------ Dataset extract
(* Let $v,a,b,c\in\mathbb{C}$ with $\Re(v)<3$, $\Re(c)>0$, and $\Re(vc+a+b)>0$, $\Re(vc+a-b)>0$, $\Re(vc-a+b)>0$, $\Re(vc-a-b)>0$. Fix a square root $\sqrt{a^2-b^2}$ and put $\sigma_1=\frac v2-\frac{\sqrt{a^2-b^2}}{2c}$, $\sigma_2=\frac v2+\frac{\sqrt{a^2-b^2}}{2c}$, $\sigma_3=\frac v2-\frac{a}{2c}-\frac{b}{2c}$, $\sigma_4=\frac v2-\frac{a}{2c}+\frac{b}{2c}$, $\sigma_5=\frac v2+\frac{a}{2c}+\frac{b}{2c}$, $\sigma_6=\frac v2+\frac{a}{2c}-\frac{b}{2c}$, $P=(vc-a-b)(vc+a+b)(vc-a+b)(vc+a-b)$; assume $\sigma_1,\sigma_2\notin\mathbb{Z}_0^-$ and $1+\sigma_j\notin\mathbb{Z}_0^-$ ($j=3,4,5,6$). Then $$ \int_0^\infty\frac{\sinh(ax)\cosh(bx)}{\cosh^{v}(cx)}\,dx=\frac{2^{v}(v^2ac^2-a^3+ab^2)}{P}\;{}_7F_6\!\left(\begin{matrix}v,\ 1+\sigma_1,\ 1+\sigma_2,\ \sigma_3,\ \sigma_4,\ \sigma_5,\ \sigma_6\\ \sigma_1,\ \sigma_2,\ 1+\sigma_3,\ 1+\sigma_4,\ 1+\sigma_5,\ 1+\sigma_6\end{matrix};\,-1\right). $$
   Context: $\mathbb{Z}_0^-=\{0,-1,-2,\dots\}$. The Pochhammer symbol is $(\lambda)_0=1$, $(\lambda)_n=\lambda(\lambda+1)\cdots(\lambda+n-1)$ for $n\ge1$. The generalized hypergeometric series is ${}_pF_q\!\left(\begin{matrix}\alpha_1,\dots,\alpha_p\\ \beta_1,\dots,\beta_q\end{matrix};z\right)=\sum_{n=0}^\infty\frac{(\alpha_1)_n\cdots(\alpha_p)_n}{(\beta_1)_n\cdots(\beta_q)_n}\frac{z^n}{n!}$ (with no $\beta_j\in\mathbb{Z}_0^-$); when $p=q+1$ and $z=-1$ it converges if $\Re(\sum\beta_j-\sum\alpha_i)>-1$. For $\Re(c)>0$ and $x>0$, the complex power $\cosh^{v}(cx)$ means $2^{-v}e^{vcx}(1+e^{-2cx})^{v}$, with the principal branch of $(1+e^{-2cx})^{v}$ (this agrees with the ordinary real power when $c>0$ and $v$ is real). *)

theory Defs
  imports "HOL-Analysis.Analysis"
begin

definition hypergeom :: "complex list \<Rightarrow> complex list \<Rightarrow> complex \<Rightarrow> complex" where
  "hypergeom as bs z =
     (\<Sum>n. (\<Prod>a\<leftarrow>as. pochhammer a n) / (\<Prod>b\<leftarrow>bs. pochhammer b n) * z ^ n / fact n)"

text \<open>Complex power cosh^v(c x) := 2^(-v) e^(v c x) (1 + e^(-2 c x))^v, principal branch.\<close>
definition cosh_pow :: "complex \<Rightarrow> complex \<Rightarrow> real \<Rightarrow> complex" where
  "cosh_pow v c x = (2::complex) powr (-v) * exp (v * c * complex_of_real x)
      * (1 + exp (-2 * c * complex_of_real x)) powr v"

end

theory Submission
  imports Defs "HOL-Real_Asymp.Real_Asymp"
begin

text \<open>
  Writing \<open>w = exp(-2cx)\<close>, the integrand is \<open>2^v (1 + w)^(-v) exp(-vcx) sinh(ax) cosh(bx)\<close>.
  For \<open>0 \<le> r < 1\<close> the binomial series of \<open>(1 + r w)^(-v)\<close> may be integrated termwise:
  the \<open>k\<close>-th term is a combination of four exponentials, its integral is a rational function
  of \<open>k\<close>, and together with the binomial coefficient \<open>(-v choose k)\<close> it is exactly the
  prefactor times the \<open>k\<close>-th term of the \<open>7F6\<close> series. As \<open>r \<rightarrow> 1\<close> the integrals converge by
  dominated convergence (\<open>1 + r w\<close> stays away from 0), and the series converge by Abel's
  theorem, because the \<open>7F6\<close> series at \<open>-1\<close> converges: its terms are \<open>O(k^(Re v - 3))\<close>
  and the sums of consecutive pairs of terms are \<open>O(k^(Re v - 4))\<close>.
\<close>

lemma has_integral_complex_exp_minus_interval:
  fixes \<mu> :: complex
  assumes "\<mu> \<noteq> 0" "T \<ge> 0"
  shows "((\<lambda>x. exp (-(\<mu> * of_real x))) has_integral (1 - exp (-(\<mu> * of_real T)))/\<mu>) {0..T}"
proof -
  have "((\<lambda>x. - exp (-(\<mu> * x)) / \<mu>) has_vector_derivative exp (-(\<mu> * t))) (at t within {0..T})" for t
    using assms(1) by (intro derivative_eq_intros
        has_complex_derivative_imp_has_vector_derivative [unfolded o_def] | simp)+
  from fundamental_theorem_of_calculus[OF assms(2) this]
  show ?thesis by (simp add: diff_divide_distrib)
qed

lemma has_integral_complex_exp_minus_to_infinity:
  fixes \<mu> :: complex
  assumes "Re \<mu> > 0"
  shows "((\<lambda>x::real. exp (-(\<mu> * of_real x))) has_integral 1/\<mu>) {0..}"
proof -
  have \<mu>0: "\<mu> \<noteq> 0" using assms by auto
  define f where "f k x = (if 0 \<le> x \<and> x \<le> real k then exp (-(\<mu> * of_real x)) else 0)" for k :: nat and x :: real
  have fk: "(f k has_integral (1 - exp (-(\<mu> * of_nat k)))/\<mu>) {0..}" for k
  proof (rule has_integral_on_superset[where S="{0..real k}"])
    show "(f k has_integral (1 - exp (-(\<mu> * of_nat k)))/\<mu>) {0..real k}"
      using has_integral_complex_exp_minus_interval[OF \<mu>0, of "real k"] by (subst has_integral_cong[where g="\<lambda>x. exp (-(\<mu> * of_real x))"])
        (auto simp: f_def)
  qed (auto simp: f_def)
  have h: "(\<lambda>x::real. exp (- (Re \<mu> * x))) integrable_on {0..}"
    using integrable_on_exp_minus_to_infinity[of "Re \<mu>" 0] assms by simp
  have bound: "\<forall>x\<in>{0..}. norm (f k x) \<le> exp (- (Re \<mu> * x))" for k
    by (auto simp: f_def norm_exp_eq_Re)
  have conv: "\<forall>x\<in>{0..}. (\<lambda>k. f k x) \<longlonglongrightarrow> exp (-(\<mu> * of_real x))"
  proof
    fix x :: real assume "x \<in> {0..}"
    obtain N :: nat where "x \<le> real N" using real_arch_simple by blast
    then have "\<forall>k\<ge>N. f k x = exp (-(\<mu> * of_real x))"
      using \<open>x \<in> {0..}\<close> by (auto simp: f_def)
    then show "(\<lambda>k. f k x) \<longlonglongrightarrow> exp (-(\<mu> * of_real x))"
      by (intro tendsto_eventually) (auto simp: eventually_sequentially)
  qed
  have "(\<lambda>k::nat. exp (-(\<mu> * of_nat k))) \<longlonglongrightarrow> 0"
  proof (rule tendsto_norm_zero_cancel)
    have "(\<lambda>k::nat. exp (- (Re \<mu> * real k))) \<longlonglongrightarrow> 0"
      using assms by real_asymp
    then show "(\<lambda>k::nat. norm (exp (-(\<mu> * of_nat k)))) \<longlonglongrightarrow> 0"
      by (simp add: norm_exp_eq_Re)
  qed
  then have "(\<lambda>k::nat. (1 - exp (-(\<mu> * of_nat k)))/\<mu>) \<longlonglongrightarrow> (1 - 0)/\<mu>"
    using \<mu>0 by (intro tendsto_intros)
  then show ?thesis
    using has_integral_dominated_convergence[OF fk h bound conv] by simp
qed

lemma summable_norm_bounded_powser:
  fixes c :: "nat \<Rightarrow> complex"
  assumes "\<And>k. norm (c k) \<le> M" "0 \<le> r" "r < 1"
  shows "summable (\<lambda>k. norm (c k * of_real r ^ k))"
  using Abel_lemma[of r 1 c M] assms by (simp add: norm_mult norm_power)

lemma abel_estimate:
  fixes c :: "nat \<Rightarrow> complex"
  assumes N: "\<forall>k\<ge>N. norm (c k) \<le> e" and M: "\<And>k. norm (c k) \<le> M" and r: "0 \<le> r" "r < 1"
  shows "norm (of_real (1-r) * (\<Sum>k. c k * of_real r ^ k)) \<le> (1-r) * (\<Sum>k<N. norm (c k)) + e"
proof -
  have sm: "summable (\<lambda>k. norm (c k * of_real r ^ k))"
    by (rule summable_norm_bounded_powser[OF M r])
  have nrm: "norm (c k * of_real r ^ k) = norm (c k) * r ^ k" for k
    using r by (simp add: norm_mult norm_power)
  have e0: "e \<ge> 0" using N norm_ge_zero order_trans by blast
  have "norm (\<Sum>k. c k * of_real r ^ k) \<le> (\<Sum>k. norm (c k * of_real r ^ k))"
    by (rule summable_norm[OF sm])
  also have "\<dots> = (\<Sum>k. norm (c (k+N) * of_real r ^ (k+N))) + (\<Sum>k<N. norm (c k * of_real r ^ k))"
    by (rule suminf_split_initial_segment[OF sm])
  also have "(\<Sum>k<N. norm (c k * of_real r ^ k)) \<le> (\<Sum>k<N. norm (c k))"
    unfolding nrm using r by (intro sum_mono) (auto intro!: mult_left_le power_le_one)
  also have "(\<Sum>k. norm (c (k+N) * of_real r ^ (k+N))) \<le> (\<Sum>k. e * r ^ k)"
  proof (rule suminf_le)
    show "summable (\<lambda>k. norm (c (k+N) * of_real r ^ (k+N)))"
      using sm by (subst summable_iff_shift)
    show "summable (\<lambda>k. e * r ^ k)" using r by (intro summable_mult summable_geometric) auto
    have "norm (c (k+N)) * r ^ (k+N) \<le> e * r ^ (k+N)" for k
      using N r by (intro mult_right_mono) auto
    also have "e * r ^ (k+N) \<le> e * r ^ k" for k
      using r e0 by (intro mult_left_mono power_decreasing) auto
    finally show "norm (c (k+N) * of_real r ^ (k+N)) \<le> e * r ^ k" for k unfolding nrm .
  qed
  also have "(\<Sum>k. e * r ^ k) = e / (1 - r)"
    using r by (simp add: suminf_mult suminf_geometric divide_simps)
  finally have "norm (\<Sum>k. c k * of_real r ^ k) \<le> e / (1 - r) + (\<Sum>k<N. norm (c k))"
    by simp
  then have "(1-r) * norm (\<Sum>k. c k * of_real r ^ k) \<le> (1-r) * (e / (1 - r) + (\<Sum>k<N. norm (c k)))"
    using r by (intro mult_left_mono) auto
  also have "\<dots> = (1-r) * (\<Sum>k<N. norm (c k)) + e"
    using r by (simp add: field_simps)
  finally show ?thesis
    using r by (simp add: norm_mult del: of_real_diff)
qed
------------
------ Dataset extract
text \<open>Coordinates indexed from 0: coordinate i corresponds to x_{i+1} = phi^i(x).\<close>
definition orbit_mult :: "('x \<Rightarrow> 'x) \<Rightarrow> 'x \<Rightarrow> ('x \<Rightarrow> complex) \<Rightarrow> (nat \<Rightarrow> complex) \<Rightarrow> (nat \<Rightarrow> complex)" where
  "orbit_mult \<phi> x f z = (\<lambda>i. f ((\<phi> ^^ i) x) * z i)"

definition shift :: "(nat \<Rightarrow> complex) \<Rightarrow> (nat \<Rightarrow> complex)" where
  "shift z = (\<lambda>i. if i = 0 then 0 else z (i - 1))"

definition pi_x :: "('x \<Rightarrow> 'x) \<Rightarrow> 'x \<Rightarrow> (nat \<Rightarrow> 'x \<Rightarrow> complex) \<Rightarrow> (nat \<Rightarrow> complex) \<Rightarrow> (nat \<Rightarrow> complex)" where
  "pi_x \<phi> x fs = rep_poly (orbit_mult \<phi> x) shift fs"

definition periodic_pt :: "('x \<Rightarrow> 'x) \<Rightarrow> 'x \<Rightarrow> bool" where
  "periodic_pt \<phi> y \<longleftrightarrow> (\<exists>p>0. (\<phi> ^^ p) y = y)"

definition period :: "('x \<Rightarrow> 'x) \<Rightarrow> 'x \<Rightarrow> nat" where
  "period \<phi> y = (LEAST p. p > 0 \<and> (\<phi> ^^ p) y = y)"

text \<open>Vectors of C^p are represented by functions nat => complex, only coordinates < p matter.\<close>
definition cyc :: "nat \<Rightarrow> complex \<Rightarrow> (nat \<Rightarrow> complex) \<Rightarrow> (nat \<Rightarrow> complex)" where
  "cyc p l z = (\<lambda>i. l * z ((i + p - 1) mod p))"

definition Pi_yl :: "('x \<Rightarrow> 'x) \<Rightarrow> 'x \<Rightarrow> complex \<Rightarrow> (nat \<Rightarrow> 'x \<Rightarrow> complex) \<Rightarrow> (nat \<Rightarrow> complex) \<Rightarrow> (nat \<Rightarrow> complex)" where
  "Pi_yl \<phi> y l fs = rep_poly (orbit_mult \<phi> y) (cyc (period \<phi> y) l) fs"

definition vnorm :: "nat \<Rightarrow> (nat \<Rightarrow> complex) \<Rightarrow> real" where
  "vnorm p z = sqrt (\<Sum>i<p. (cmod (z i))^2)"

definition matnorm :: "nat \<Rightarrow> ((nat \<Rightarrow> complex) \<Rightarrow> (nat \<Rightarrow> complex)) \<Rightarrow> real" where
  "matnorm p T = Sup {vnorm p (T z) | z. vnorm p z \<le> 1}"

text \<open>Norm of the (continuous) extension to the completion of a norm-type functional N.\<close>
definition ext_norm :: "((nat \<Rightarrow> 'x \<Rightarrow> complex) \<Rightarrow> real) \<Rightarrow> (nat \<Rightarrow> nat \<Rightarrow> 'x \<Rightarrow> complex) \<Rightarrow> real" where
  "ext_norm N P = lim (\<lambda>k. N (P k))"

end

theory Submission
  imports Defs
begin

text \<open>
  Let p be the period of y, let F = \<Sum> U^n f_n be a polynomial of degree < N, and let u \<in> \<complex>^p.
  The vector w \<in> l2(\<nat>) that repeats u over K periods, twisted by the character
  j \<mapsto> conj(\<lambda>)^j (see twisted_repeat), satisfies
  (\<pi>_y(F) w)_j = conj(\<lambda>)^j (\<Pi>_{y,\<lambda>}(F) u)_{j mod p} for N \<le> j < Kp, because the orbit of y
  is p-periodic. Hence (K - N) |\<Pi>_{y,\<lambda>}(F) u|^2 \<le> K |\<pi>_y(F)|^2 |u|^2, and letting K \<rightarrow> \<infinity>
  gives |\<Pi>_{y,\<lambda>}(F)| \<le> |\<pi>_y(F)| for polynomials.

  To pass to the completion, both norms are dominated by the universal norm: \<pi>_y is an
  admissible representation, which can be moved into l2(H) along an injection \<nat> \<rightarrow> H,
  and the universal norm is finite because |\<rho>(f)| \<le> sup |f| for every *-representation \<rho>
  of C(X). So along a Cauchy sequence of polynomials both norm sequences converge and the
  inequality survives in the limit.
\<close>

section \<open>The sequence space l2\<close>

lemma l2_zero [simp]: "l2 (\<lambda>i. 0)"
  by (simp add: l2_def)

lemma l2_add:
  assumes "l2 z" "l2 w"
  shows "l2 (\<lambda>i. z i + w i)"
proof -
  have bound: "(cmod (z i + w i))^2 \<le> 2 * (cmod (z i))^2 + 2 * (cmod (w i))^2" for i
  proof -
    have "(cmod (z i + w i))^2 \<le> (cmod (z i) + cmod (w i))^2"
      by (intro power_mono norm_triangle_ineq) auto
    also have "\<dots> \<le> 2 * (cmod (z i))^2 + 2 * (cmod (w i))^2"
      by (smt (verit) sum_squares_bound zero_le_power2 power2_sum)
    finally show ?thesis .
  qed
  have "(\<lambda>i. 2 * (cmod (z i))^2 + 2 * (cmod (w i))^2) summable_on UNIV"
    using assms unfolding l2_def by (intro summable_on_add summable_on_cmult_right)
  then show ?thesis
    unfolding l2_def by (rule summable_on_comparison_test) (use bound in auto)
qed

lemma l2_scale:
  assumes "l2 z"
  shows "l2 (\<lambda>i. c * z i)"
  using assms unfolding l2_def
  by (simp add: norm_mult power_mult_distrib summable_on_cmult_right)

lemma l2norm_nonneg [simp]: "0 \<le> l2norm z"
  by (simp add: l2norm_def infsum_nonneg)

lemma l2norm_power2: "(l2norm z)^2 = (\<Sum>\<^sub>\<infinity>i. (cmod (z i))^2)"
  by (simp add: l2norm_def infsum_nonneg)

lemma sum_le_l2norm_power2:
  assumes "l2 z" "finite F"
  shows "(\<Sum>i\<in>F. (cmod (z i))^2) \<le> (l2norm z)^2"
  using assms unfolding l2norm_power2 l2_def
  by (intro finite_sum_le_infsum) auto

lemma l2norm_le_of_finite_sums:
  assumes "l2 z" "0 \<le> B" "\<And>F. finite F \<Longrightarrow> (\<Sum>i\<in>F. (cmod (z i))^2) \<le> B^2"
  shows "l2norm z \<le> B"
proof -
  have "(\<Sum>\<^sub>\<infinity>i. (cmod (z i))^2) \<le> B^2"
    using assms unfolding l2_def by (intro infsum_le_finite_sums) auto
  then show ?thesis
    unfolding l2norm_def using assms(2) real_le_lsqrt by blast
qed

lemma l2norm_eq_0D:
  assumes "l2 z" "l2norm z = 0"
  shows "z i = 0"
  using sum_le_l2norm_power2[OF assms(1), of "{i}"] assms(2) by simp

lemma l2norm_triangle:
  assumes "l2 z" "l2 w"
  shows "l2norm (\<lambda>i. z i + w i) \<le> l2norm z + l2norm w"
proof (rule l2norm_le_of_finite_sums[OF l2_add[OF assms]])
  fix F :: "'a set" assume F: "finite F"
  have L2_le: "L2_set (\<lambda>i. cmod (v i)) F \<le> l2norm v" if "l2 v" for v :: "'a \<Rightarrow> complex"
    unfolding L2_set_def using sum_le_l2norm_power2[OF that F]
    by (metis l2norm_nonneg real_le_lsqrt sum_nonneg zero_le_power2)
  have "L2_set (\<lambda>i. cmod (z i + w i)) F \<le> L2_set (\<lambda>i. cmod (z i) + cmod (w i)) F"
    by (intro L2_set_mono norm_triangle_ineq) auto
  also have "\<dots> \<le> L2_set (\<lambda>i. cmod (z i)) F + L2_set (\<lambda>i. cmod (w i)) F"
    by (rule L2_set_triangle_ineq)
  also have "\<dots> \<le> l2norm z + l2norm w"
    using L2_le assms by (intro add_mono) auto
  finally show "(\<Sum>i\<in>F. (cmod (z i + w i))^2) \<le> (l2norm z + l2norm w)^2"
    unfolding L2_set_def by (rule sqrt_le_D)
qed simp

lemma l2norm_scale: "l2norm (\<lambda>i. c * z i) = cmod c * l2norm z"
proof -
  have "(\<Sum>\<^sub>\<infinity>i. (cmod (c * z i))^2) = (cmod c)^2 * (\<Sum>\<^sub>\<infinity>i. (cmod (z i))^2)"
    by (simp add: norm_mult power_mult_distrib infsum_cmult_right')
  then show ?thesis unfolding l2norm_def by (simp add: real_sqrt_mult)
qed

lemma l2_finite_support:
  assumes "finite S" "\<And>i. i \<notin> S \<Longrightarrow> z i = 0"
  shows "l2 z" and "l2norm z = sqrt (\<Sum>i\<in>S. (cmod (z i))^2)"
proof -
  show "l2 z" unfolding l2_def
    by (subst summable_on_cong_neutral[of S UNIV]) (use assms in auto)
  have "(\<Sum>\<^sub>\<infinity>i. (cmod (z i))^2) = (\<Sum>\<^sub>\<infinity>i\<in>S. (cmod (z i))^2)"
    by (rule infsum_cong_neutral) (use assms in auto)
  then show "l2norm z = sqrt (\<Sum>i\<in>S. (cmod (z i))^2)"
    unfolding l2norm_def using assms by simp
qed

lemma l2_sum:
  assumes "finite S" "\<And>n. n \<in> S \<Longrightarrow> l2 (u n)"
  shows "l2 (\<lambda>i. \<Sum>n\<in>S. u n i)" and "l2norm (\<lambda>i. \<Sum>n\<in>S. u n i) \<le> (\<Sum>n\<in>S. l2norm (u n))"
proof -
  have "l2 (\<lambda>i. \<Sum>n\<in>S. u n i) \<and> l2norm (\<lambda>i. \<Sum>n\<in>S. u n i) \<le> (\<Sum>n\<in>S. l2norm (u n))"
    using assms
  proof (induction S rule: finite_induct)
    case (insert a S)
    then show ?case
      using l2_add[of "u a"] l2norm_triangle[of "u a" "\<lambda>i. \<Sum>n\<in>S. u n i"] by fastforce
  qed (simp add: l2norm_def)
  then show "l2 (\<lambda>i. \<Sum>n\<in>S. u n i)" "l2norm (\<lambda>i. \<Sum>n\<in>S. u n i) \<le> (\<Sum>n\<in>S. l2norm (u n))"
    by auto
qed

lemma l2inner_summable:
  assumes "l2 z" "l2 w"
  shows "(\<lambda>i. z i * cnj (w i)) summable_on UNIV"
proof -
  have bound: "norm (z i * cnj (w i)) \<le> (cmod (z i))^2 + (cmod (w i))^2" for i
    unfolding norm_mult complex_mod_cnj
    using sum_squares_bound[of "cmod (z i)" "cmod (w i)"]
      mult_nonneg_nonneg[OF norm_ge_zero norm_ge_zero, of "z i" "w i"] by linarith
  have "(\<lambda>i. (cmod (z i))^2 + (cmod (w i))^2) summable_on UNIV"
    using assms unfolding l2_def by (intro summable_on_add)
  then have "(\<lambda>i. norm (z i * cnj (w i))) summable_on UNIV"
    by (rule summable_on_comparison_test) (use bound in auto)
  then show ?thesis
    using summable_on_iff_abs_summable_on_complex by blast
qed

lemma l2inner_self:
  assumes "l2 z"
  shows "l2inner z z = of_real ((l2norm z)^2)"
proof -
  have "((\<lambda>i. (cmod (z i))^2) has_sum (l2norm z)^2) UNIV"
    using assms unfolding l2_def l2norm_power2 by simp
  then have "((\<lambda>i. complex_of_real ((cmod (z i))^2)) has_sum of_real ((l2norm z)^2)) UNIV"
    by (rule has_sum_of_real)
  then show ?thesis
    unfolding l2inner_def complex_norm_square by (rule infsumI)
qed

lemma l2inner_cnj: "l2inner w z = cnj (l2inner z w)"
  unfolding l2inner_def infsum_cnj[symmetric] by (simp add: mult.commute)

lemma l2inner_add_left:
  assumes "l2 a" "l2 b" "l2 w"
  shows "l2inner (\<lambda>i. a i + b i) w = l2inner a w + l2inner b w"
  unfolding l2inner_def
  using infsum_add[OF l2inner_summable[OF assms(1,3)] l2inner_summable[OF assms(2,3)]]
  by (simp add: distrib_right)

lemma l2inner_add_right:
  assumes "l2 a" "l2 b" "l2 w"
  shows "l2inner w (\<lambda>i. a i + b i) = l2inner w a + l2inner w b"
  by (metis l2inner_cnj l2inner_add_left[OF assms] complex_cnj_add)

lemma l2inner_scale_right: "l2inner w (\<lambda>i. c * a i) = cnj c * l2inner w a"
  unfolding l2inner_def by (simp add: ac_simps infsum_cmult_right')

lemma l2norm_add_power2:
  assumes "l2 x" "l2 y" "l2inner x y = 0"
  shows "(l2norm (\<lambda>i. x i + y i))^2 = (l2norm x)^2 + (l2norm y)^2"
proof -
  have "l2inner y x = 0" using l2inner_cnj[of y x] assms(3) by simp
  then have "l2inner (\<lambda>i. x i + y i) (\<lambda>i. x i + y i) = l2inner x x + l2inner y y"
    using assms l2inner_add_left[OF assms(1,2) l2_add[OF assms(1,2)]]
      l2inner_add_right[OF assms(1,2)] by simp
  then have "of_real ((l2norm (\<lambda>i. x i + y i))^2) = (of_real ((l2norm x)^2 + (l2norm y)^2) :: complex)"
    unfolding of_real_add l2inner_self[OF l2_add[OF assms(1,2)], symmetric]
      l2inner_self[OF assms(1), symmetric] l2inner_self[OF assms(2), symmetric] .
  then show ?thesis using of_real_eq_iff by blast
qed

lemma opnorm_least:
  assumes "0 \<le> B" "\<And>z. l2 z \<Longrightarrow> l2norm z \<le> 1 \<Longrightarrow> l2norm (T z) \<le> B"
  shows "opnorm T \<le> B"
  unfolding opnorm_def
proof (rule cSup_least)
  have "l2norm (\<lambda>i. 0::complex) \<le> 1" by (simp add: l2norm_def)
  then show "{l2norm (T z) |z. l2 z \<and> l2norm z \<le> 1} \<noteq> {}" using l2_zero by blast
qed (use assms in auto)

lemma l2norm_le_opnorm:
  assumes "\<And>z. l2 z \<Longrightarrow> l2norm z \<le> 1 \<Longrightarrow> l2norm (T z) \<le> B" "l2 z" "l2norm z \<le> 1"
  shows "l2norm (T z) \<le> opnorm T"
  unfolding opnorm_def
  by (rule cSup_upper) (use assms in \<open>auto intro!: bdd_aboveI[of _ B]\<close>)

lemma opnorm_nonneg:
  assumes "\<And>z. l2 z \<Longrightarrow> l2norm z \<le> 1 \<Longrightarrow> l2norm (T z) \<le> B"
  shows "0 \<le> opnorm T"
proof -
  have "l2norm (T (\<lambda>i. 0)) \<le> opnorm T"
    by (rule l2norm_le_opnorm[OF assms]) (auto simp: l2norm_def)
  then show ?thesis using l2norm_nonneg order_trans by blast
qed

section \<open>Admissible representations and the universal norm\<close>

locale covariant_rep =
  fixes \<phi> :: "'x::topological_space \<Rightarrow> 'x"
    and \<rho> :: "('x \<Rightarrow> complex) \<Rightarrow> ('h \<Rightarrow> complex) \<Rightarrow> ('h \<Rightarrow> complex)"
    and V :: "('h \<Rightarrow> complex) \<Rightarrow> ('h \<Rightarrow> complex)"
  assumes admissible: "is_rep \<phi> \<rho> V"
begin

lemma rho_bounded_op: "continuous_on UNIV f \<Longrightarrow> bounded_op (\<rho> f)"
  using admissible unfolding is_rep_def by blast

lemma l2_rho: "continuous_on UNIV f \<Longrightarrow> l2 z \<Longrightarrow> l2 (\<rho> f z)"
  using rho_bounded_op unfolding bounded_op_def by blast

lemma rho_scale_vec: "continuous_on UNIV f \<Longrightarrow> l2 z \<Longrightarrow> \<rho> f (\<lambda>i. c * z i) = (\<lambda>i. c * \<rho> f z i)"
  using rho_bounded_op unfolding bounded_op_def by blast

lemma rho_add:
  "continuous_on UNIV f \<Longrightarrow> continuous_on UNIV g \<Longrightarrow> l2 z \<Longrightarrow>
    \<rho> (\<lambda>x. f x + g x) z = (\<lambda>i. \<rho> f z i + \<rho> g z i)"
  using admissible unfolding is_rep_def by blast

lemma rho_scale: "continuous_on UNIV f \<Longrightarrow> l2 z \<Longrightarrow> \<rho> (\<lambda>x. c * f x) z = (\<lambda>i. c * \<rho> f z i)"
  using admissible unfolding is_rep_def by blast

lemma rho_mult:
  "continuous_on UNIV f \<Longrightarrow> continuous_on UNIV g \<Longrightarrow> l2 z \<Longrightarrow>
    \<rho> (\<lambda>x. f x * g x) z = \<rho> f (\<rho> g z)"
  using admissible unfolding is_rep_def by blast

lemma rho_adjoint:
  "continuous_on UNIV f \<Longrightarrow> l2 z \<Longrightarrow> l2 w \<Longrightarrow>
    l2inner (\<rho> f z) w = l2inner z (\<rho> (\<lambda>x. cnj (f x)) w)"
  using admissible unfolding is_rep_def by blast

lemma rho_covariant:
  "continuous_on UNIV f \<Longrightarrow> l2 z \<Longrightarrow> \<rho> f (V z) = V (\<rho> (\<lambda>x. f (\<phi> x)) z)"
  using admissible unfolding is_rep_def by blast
------------
▶ [Problem statement]
Print exactly the lines of the listing above starting at the line containing "Fix a square" and ending at the line containing "text \<open>Complex power", both included.

▶ [Result below]
(* Let $v,a,b,c\in\mathbb{C}$ with $\Re(v)<3$, $\Re(c)>0$, and $\Re(vc+a+b)>0$, $\Re(vc+a-b)>0$, $\Re(vc-a+b)>0$, $\Re(vc-a-b)>0$. Fix a square root $\sqrt{a^2-b^2}$ and put $\sigma_1=\frac v2-\frac{\sqrt{a^2-b^2}}{2c}$, $\sigma_2=\frac v2+\frac{\sqrt{a^2-b^2}}{2c}$, $\sigma_3=\frac v2-\frac{a}{2c}-\frac{b}{2c}$, $\sigma_4=\frac v2-\frac{a}{2c}+\frac{b}{2c}$, $\sigma_5=\frac v2+\frac{a}{2c}+\frac{b}{2c}$, $\sigma_6=\frac v2+\frac{a}{2c}-\frac{b}{2c}$, $P=(vc-a-b)(vc+a+b)(vc-a+b)(vc+a-b)$; assume $\sigma_1,\sigma_2\notin\mathbb{Z}_0^-$ and $1+\sigma_j\notin\mathbb{Z}_0^-$ ($j=3,4,5,6$). Then $$ \int_0^\infty\frac{\sinh(ax)\cosh(bx)}{\cosh^{v}(cx)}\,dx=\frac{2^{v}(v^2ac^2-a^3+ab^2)}{P}\;{}_7F_6\!\left(\begin{matrix}v,\ 1+\sigma_1,\ 1+\sigma_2,\ \sigma_3,\ \sigma_4,\ \sigma_5,\ \sigma_6\\ \sigma_1,\ \sigma_2,\ 1+\sigma_3,\ 1+\sigma_4,\ 1+\sigma_5,\ 1+\sigma_6\end{matrix};\,-1\right). $$
   Context: $\mathbb{Z}_0^-=\{0,-1,-2,\dots\}$. The Pochhammer symbol is $(\lambda)_0=1$, $(\lambda)_n=\lambda(\lambda+1)\cdots(\lambda+n-1)$ for $n\ge1$. The generalized hypergeometric series is ${}_pF_q\!\left(\begin{matrix}\alpha_1,\dots,\alpha_p\\ \beta_1,\dots,\beta_q\end{matrix};z\right)=\sum_{n=0}^\infty\frac{(\alpha_1)_n\cdots(\alpha_p)_n}{(\beta_1)_n\cdots(\beta_q)_n}\frac{z^n}{n!}$ (with no $\beta_j\in\mathbb{Z}_0^-$); when $p=q+1$ and $z=-1$ it converges if $\Re(\sum\beta_j-\sum\alpha_i)>-1$. For $\Re(c)>0$ and $x>0$, the complex power $\cosh^{v}(cx)$ means $2^{-v}e^{vcx}(1+e^{-2cx})^{v}$, with the principal branch of $(1+e^{-2cx})^{v}$ (this agrees with the ordinary real power when $c>0$ and $v$ is real). *)

theory Defs
  imports "HOL-Analysis.Analysis"
begin

definition hypergeom :: "complex list \<Rightarrow> complex list \<Rightarrow> complex \<Rightarrow> complex" where
  "hypergeom as bs z =
     (\<Sum>n. (\<Prod>a\<leftarrow>as. pochhammer a n) / (\<Prod>b\<leftarrow>bs. pochhammer b n) * z ^ n / fact n)"

text \<open>Complex power cosh^v(c x) := 2^(-v) e^(v c x) (1 + e^(-2 c x))^v, principal branch.\<close>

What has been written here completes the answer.